§ ENTRIES SHOWN
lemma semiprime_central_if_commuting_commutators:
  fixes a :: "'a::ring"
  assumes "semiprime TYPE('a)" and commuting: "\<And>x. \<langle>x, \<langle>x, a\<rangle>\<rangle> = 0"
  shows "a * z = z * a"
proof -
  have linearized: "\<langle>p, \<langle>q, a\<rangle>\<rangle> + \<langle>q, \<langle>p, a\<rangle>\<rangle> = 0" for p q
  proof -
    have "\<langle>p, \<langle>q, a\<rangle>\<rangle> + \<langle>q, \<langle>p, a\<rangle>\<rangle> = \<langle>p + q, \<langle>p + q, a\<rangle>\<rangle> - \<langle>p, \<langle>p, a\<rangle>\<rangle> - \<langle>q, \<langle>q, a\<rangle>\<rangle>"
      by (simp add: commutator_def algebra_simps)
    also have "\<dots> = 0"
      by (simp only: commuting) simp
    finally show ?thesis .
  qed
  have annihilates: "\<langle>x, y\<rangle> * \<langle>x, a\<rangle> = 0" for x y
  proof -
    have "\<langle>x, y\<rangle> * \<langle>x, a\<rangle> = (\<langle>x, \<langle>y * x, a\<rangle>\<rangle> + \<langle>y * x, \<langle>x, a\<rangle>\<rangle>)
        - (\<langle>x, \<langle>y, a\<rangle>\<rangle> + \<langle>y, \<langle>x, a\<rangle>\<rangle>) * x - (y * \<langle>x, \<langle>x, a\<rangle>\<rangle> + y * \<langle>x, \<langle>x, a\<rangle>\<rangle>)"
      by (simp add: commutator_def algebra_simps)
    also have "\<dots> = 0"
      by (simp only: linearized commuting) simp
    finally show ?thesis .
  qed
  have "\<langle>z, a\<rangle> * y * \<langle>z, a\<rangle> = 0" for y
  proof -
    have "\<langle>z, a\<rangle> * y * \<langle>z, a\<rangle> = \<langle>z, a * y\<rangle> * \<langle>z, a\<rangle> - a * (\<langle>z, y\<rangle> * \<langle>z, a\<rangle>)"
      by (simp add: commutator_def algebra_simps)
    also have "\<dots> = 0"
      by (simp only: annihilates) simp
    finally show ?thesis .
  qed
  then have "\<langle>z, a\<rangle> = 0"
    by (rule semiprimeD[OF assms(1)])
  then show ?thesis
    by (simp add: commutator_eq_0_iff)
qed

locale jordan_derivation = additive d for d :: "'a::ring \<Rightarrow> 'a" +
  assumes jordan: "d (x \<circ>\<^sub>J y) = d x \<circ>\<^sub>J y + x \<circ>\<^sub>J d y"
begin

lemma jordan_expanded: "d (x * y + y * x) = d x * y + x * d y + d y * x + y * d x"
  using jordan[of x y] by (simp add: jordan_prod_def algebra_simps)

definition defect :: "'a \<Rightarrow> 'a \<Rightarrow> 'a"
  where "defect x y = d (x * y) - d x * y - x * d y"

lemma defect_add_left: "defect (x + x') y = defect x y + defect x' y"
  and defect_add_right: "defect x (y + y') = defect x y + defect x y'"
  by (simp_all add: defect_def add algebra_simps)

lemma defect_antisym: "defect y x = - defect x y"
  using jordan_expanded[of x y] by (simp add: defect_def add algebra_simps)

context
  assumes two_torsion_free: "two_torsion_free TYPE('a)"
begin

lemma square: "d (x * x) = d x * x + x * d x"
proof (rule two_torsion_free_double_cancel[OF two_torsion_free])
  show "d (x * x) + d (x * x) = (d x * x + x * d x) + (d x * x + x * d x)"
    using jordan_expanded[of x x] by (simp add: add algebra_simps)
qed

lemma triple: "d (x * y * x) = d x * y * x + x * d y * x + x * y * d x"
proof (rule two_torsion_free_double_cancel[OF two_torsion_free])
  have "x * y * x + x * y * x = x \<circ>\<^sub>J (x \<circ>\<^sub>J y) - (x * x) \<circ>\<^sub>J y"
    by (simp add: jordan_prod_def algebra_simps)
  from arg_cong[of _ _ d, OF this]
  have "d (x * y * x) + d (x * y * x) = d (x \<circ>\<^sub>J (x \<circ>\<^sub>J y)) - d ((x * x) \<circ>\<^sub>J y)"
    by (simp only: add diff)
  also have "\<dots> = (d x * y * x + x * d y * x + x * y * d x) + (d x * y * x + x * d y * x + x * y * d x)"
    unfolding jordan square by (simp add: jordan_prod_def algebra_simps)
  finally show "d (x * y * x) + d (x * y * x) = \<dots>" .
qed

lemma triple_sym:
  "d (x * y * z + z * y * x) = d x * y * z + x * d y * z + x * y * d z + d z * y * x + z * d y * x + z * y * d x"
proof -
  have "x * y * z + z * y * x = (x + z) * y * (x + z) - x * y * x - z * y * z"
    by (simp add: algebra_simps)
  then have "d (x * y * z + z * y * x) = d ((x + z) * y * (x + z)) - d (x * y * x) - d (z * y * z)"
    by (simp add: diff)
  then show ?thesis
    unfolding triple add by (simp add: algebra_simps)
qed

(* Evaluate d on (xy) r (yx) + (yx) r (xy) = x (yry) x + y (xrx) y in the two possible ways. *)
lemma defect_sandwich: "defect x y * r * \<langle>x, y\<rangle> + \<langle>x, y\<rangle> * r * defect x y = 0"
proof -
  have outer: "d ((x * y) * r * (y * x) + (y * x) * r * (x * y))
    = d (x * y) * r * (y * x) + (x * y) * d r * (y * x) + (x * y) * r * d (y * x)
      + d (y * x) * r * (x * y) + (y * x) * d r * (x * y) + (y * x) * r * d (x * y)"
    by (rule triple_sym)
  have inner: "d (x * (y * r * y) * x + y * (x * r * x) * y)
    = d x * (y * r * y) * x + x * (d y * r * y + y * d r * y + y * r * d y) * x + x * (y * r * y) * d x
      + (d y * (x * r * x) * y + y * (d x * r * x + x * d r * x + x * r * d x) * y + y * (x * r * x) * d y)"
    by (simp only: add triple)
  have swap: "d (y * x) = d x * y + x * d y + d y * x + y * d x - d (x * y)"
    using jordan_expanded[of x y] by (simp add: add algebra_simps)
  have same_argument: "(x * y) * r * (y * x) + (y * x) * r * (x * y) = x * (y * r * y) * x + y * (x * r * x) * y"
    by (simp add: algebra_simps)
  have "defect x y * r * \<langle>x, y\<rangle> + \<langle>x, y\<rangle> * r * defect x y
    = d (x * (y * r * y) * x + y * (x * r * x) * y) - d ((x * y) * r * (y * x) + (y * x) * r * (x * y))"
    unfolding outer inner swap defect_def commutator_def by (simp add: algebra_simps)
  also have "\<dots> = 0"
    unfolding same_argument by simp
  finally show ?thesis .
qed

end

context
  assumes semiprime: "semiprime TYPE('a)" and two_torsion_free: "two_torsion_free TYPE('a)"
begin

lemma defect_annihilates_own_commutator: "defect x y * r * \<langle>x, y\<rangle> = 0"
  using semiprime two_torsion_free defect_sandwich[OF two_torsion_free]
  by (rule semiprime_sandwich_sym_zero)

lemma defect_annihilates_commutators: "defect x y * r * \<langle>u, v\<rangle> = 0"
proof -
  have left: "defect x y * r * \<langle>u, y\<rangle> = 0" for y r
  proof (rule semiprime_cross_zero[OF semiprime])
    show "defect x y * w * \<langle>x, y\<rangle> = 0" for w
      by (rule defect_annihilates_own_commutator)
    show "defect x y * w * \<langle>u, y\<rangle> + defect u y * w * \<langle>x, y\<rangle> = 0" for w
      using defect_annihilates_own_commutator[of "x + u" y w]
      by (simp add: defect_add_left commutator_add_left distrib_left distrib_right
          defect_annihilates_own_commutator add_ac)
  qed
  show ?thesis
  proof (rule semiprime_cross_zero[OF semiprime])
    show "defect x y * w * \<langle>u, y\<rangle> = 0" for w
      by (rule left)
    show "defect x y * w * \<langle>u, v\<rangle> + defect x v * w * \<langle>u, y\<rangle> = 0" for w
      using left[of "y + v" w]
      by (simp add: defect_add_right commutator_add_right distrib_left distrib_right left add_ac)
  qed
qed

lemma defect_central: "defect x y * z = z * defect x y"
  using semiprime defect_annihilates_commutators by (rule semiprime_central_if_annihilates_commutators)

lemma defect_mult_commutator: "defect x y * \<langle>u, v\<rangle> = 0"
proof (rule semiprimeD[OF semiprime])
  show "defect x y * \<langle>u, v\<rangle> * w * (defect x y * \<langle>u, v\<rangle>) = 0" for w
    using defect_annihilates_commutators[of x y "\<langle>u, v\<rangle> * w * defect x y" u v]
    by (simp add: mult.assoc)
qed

§ PROBLEM
For this task, write out exactly the lines of the entries above, starting at the line with "by (rule triple_sym)" and ending at the line with "by (rule defect_annihilates_own_commutator)", both included, and no others.

§ WRITTEN RESPONSE
    by (rule triple_sym)
  have inner: "d (x * (y * r * y) * x + y * (x * r * x) * y)
    = d x * (y * r * y) * x + x * (d y * r * y + y * d r * y + y * r * d y) * x + x * (y * r * y) * d x
      + (d y * (x * r * x) * y + y * (d x * r * x + x * d r * x + x * r * d x) * y + y * (x * r * x) * d y)"
    by (simp only: add triple)
  have swap: "d (y * x) = d x * y + x * d y + d y * x + y * d x - d (x * y)"
    using jordan_expanded[of x y] by (simp add: add algebra_simps)
  have same_argument: "(x * y) * r * (y * x) + (y * x) * r * (x * y) = x * (y * r * y) * x + y * (x * r * x) * y"
    by (simp add: algebra_simps)
  have "defect x y * r * \<langle>x, y\<rangle> + \<langle>x, y\<rangle> * r * defect x y
    = d (x * (y * r * y) * x + y * (x * r * x) * y) - d ((x * y) * r * (y * x) + (y * x) * r * (x * y))"
    unfolding outer inner swap defect_def commutator_def by (simp add: algebra_simps)
  also have "\<dots> = 0"
    unfolding same_argument by simp
  finally show ?thesis .
qed

end

context
  assumes semiprime: "semiprime TYPE('a)" and two_torsion_free: "two_torsion_free TYPE('a)"
begin

lemma defect_annihilates_own_commutator: "defect x y * r * \<langle>x, y\<rangle> = 0"
  using semiprime two_torsion_free defect_sandwich[OF two_torsion_free]
  by (rule semiprime_sandwich_sym_zero)

lemma defect_annihilates_commutators: "defect x y * r * \<langle>u, v\<rangle> = 0"
proof -
  have left: "defect x y * r * \<langle>u, y\<rangle> = 0" for y r
  proof (rule semiprime_cross_zero[OF semiprime])
    show "defect x y * w * \<langle>x, y\<rangle> = 0" for w
      by (rule defect_annihilates_own_commutator)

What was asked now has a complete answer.